» What you have to do
Please print the entries below exactly, from the line with "g = pmf of the" through the line with "and the observed history so far is h. *)", including both of those lines and leaving out all others.

» Data supplied
(* Let $n\ge2$ be an integer and $q=1/n$. Let $\mathcal{I}_2$ be the instance of the online volunteer notification problem with $V=n$ volunteers, $S=1$ task type, $T=n^2+1$, $g(\tau)=q(1-q)^{\tau-1}$ for $\tau\in\mathbb{N}$, arrival probabilities $\lambda_{1,1}=1$ and $\lambda_{1,t}=q$ for $2\le t\le T$, and match probabilities $p_{v,1}=q$ for all $v\in[V]$. Then the expected number of tasks completed by any online policy on $\mathcal{I}_2$ is at most $\Big[1+q-\frac{q(1-q)}{\log\left(\frac{1}{1-q}\right)(1+q)}\left(1-e^{-1}\right)\Big]\mathbf{LP}_{\mathcal{I}_2}$.
   Context: Online volunteer notification problem. An instance $\mathcal{I}$ consists of volunteers $[V]$, task types $[S]$, horizon $T$, arrival probabilities $\lambda_{s,t}\ge0$ with $\sum_s\lambda_{s,t}\le1$, match probabilities $p_{v,s}\in[0,1]$, and a probability mass function $g$ on the positive integers with CDF $G(\tau)=\sum_{i\le\tau}g(i)$, $G(0)=0$. In each period $t$ at most one task arrives, of type $s$ with probability $\lambda_{s,t}$, independently across periods. All volunteers start active. Upon an arrival the platform immediately and irrevocably notifies a subset of volunteers; each notified active volunteer $v$ responds positively independently with probability $p_{v,s}$; the task is completed iff at least one does. A volunteer active and notified at time $t$ becomes inactive (regardless of response) and active again at $t+Z$, $Z\sim g$ independent; inactive volunteers ignore notifications and are unaffected by them. The platform knows $\lambda,p,g$ but not states; an online policy decides whom to notify using only information available up to the current period. $\mathbf{LP}_{\mathcal{I}}=\max\sum_{t,s}\lambda_{s,t}\min\{\sum_vx_{v,s,t}p_{v,s},1\}$ subject to $0\le x_{v,s,t}\le1$ and $\sum_{\tau=1}^t\sum_s\lambda_{s,\tau}x_{v,s,\tau}(1-G(t-\tau))\le1$ for all $v,t$. *)

theory Defs
  imports "HOL-Probability.Probability"
begin

(* Volunteers are 1..V, task types 1..S, periods 1..T.
   lam s t = arrival probability of type s in period t; p v s = match probability;
   g = pmf of the reactivation delay Z (supported on positive integers). *)

definition cdfG :: "nat pmf \<Rightarrow> nat \<Rightarrow> real" where
  "cdfG g \<tau> = (\<Sum>i\<in>{1..\<tau>}. pmf g i)"

(* distribution of the arrival in period t: None = no arrival, Some s = task of type s *)
definition arrival_pmf :: "nat \<Rightarrow> (nat \<Rightarrow> nat \<Rightarrow> real) \<Rightarrow> nat \<Rightarrow> nat option pmf" where
  "arrival_pmf S lam t = embed_pmf (\<lambda>a. case a of
       None \<Rightarrow> 1 - (\<Sum>s\<in>{1..S}. lam s t)
     | Some s \<Rightarrow> (if s \<in> {1..S} then lam s t else 0))"

(* Information observed by the platform in a period: nothing arrived, or
   (type of the arrived task, set of notified volunteers, set of volunteers
   who responded positively). *)
type_synonym history = "(nat \<times> nat set \<times> nat set) option list"

(* A (deterministic) online policy: given the observed history of all previous
   periods and the type of the current arrival, choose the set to notify. *)
type_synonym policy = "history \<Rightarrow> nat \<Rightarrow> nat set"

(* run ... k t ret h : distribution of the number of tasks completed during the
   k periods t, t+1, ..., t+k-1, when volunteer v is active at time t' iff ret v \<le> t'
   and the observed history so far is h. *)
primrec run :: "nat \<Rightarrow> nat \<Rightarrow> (nat \<Rightarrow> nat \<Rightarrow> real) \<Rightarrow> (nat \<Rightarrow> nat \<Rightarrow> real) \<Rightarrow> nat pmf
    \<Rightarrow> policy \<Rightarrow> nat \<Rightarrow> nat \<Rightarrow> (nat \<Rightarrow> nat) \<Rightarrow> history \<Rightarrow> real pmf" where
  "run V S lam p g pol 0 t ret h = return_pmf 0"
| "run V S lam p g pol (Suc k) t ret h =
     bind_pmf (arrival_pmf S lam t) (\<lambda>a. case a of
        None \<Rightarrow> run V S lam p g pol k (Suc t) ret (h @ [None])
      | Some s \<Rightarrow>
          (let N = pol h s \<inter> {1..V};
               A = {v \<in> N. ret v \<le> t}
           in bind_pmf (Pi_pmf A False (\<lambda>v. bernoulli_pmf (p v s))) (\<lambda>r.
              bind_pmf (Pi_pmf A 0 (\<lambda>v. g)) (\<lambda>z.
                let P = {v \<in> A. r v};
                    ret' = (\<lambda>v. if v \<in> A then t + z v else ret v)
                in map_pmf (\<lambda>x. (if P = {} then 0 else 1) + x)
                     (run V S lam p g pol k (Suc t) ret' (h @ [Some (s, N, P)]))))))"

(* expected number of tasks completed by policy pol over periods 1..T; all volunteers start active *)
definition expected_completed :: "nat \<Rightarrow> nat \<Rightarrow> nat \<Rightarrow> (nat \<Rightarrow> nat \<Rightarrow> real) \<Rightarrow> (nat \<Rightarrow> nat \<Rightarrow> real)
    \<Rightarrow> nat pmf \<Rightarrow> policy \<Rightarrow> real" where
  "expected_completed V S T lam p g pol =
     measure_pmf.expectation (run V S lam p g pol T 1 (\<lambda>_. 0) []) (\<lambda>x. x)"

definition lp_feasible :: "nat \<Rightarrow> nat \<Rightarrow> nat \<Rightarrow> (nat \<Rightarrow> nat \<Rightarrow> real) \<Rightarrow> nat pmf
    \<Rightarrow> (nat \<Rightarrow> nat \<Rightarrow> nat \<Rightarrow> real) \<Rightarrow> bool" where
  "lp_feasible V S T lam g x \<longleftrightarrow>
     (\<forall>v\<in>{1..V}. \<forall>s\<in>{1..S}. \<forall>t\<in>{1..T}. 0 \<le> x v s t \<and> x v s t \<le> 1) \<and>
     (\<forall>v\<in>{1..V}. \<forall>t\<in>{1..T}.
        (\<Sum>\<tau>\<in>{1..t}. \<Sum>s\<in>{1..S}. lam s \<tau> * x v s \<tau> * (1 - cdfG g (t - \<tau>))) \<le> 1)"

definition lp_obj :: "nat \<Rightarrow> nat \<Rightarrow> nat \<Rightarrow> (nat \<Rightarrow> nat \<Rightarrow> real) \<Rightarrow> (nat \<Rightarrow> nat \<Rightarrow> real)
    \<Rightarrow> (nat \<Rightarrow> nat \<Rightarrow> nat \<Rightarrow> real) \<Rightarrow> real" where
  "lp_obj V S T lam p x =
     (\<Sum>t\<in>{1..T}. \<Sum>s\<in>{1..S}. lam s t * min (\<Sum>v\<in>{1..V}. x v s t * p v s) 1)"

definition LP :: "nat \<Rightarrow> nat \<Rightarrow> nat \<Rightarrow> (nat \<Rightarrow> nat \<Rightarrow> real) \<Rightarrow> (nat \<Rightarrow> nat \<Rightarrow> real)
    \<Rightarrow> nat pmf \<Rightarrow> real" where
  "LP V S T lam p g = Sup {lp_obj V S T lam p x | x. lp_feasible V S T lam g x}"

end

(*
  The LP optimum is n + 1: notifying everybody in every period is feasible, because
  sum_(tau <= t) lambda_tau (1 - q)^(t - tau) = 1 for every t, and no solution earns more
  than sum_t lambda_t = n + 1.

  For an online policy, geometric delays are memoryless: given the history, each volunteer
  not known to be active returns in every period independently with probability q. Let H(a)
  be the probability that the next task is served when everybody is notified, a volunteers
  are active and the others have just become inactive. Averaged over this belief, at most
  k G + H(a) tasks are completed in the last k periods, where G = q H'(0) and H' is H one
  period later; this follows by backward induction from a one-step Bellman inequality whose
  core is a binomial-coefficient estimate. Starting with all volunteers active gives at most
  1 - (1 - q)^n + (n + 1) G / q completions, and comparing the series for G with the integral
  of exp (- n L (1 - x)), L = ln (1 / (1 - q)), bounds G / q from above by
  1 - (1 - q) (1 - 1/e) / (n L).
*)
theory Submission
  imports Defs
begin

section \<open>A binomial-coefficient estimate\<close>

lemma sum_inverse_Suc_Suc_fact:
  "(\<Sum>k\<le>K. 1 / ((real k + 2) * fact k)) = 1 - 1 / fact (K + 2)"
proof -
  have "1 / ((real k + 2) * fact k) = 1 / fact (Suc k) - 1 / fact (Suc (Suc k))" for k
  proof -
    have partial_fractions: "1 / ((x + 2) * F) = 1 / ((x + 1) * F) - 1 / ((x + 2) * ((x + 1) * F))"
      if "0 \<le> x" "0 < F" for x F :: real
      using that by (simp add: divide_simps)
    have "(fact (Suc k) :: real) = (real k + 1) * fact k"
      and "(fact (Suc (Suc k)) :: real) = (real k + 2) * ((real k + 1) * fact k)"
      by (simp_all add: algebra_simps)
    then show ?thesis by (simp only:) (rule partial_fractions; simp)
  qed
  then have "(\<Sum>k\<le>K. 1 / ((real k + 2) * fact k))
      = (\<Sum>k\<le>K. 1 / fact (Suc k) - 1 / fact (Suc (Suc k)))"
    by (simp only:)
  also have "\<dots> = 1 / fact (Suc 0) - 1 / fact (Suc (Suc K))"
    by (rule sum_telescope)
  finally show ?thesis by (simp add: numeral_2_eq_2)
qed

lemma choose_div_power_le_inverse_fact:
  assumes "m \<le> N"
  shows "real (m choose k) / real N ^ k \<le> 1 / fact k"
proof (cases "N = 0")
  case True
  then show ?thesis using assms by (cases k) auto
next
  case False
  have "(m choose k) * fact k \<le> m ^ k" by (rule binomial_fact_pow)
  also have "\<dots> \<le> N ^ k" using assms by (simp add: power_mono)
  finally have "real (m choose k) * fact k \<le> real N ^ k"
    by (metis of_nat_fact of_nat_le_iff of_nat_mult of_nat_power)
  then show ?thesis using False by (simp add: field_simps)
qed

lemma choose_Suc_increment_sum_le:
  assumes "1 \<le> N" "m \<le> N"
  shows "(\<Sum>i\<le>Suc N. (real (Suc m choose i) - real (m choose i)) / ((real i + 1) * real N ^ i))
    \<le> 1 / real N"
proof -
  have "(\<Sum>i\<le>Suc N. (real (Suc m choose i) - real (m choose i)) / ((real i + 1) * real N ^ i))
      = (\<Sum>i\<le>N. (real (Suc m choose Suc i) - real (m choose Suc i))
          / ((real (Suc i) + 1) * real N ^ Suc i))"
    by (subst sum.atMost_Suc_shift) simp
  also have "\<dots> = (\<Sum>i\<le>N. real (m choose i) / ((real i + 2) * real N ^ i)) / real N"
    unfolding sum_divide_distrib using assms(1) by (intro sum.cong) (auto simp: field_simps)
  also have "\<dots> \<le> (\<Sum>i\<le>N. 1 / ((real i + 2) * fact i)) / real N"
  proof (intro divide_right_mono sum_mono)
    fix i
    have "real (m choose i) / ((real i + 2) * real N ^ i) = (real (m choose i) / real N ^ i) / (real i + 2)"
      by simp
    also have "\<dots> \<le> (1 / fact i) / (real i + 2)"
      by (intro divide_right_mono choose_div_power_le_inverse_fact assms) auto
    finally show "real (m choose i) / ((real i + 2) * real N ^ i) \<le> 1 / ((real i + 2) * fact i)"
      by (simp add: mult.commute)
  qed simp
  also have "\<dots> \<le> 1 / real N"
    using assms(1) by (intro divide_right_mono) (auto simp: sum_inverse_Suc_Suc_fact)
  finally show ?thesis .
qed

lemma choose_increment_sum_le:
  assumes "1 \<le> N" "m + d \<le> Suc N"
  shows "(\<Sum>i\<le>Suc N. (real ((m + d) choose i) - real (m choose i)) / ((real i + 1) * real N ^ i))
    \<le> real d / real N"
  using assms(2)
proof (induction d)
  case (Suc d)
  let ?w = "\<lambda>i. (real i + 1) * real N ^ i"
  have "(\<Sum>i\<le>Suc N. (real ((m + Suc d) choose i) - real (m choose i)) / ?w i)
      = (\<Sum>i\<le>Suc N. (real (Suc (m + d) choose i) - real ((m + d) choose i)) / ?w i)
        + (\<Sum>i\<le>Suc N. (real ((m + d) choose i) - real (m choose i)) / ?w i)"
    by (simp add: diff_divide_distrib sum.distrib[symmetric])
  also have "\<dots> \<le> 1 / real N + real d / real N"
    using Suc by (intro add_mono choose_Suc_increment_sum_le assms(1)) auto
  finally show ?case by (simp add: add_divide_distrib)
qed simp

lemma one_minus_power_Suc_ge:
  fixes x :: real
  assumes "0 \<le> x" "x \<le> 1"
  shows "(real i + 1) * (1 - x) * x ^ i \<le> 1 - x ^ Suc i"
proof -
  have "(real i + 1) * x ^ i = (\<Sum>k<Suc i. x ^ i)" by simp
  also have "\<dots> \<le> (\<Sum>k<Suc i. x ^ k)"
    using assms by (intro sum_mono power_decreasing) auto
  finally have "(1 - x) * ((real i + 1) * x ^ i) \<le> (1 - x) * (\<Sum>k<Suc i. x ^ k)"
    using assms by (intro mult_left_mono) auto
  also have "\<dots> = 1 - x ^ Suc i" by (rule one_diff_power_eq[symmetric])
  finally show ?thesis by (simp add: mult_ac)
qed

lemma exp_le_chord:
  fixes t u :: real
  assumes "0 \<le> t" "t \<le> 1"
  shows "exp (t * u) \<le> 1 - t + t * exp u"
  using convex_onD[OF exp_convex, of t 0 u] assms by simp

section \<open>Missed tasks under geometric delays\<close>

locale geometric_rate =
  fixes n :: nat and q :: real
  assumes two_le_n: "2 \<le> n" and q_eq: "q = 1 / real n"
begin

definition r :: real where "r = 1 - q"

lemma q_pos: "0 < q" and q_lt_1: "q < 1" and n_mult_q: "real n * q = 1"
  using two_le_n by (auto simp: q_eq)

lemma r_pos: "0 < r" and r_lt_1: "r < 1" and q_plus_r: "q + r = 1"
  using q_pos q_lt_1 by (auto simp: r_def)

lemma geometric_weights_sums: "(\<lambda>j. q * r ^ j) sums 1"
proof -
  have "(\<lambda>j. q * r ^ j) sums (q * (1 / (1 - r)))"
    using r_pos r_lt_1 by (intro sums_mult geometric_sums) auto
  then show ?thesis using q_pos by (simp add: r_def)
qed

(* miss s a m: probability that the first task to arrive finds no positive response although
   everybody is notified; a volunteers are active, m are inactive, the task arrives after a
   geometric number j of periods, and by then the inactive ones have waited j + s periods. *)
definition miss :: "nat \<Rightarrow> nat \<Rightarrow> nat \<Rightarrow> real" where
  "miss s a m = (\<Sum>j. q * r ^ j * r ^ a * (r + q * r ^ (j + s)) ^ m)"

lemma miss_term_bounds:
  "0 \<le> q * r ^ j * r ^ a * (r + q * r ^ (j + s)) ^ m"
  "q * r ^ j * r ^ a * (r + q * r ^ (j + s)) ^ m \<le> q * r ^ j"
proof -
  have "q * r ^ (j + s) \<le> q" using q_pos r_pos r_lt_1 by (simp add: power_le_one)
  then have "r + q * r ^ (j + s) \<le> 1" using q_plus_r by simp
  moreover have "0 \<le> r + q * r ^ (j + s)" using q_pos r_pos by simp
  ultimately have "r ^ a * (r + q * r ^ (j + s)) ^ m \<le> 1"
    using r_pos r_lt_1 by (intro mult_le_one power_le_one) auto
  then show "q * r ^ j * r ^ a * (r + q * r ^ (j + s)) ^ m \<le> q * r ^ j"
    using q_pos r_pos by (simp add: mult.assoc mult_left_le)
  show "0 \<le> q * r ^ j * r ^ a * (r + q * r ^ (j + s)) ^ m"
    using q_pos r_pos by simp
qed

» Answer box
   g = pmf of the reactivation delay Z (supported on positive integers). *)

definition cdfG :: "nat pmf \<Rightarrow> nat \<Rightarrow> real" where
  "cdfG g \<tau> = (\<Sum>i\<in>{1..\<tau>}. pmf g i)"

(* distribution of the arrival in period t: None = no arrival, Some s = task of type s *)
definition arrival_pmf :: "nat \<Rightarrow> (nat \<Rightarrow> nat \<Rightarrow> real) \<Rightarrow> nat \<Rightarrow> nat option pmf" where
  "arrival_pmf S lam t = embed_pmf (\<lambda>a. case a of
       None \<Rightarrow> 1 - (\<Sum>s\<in>{1..S}. lam s t)
     | Some s \<Rightarrow> (if s \<in> {1..S} then lam s t else 0))"

(* Information observed by the platform in a period: nothing arrived, or
   (type of the arrived task, set of notified volunteers, set of volunteers
   who responded positively). *)
type_synonym history = "(nat \<times> nat set \<times> nat set) option list"

(* A (deterministic) online policy: given the observed history of all previous
   periods and the type of the current arrival, choose the set to notify. *)
type_synonym policy = "history \<Rightarrow> nat \<Rightarrow> nat set"

(* run ... k t ret h : distribution of the number of tasks completed during the
   k periods t, t+1, ..., t+k-1, when volunteer v is active at time t' iff ret v \<le> t'
   and the observed history so far is h. *)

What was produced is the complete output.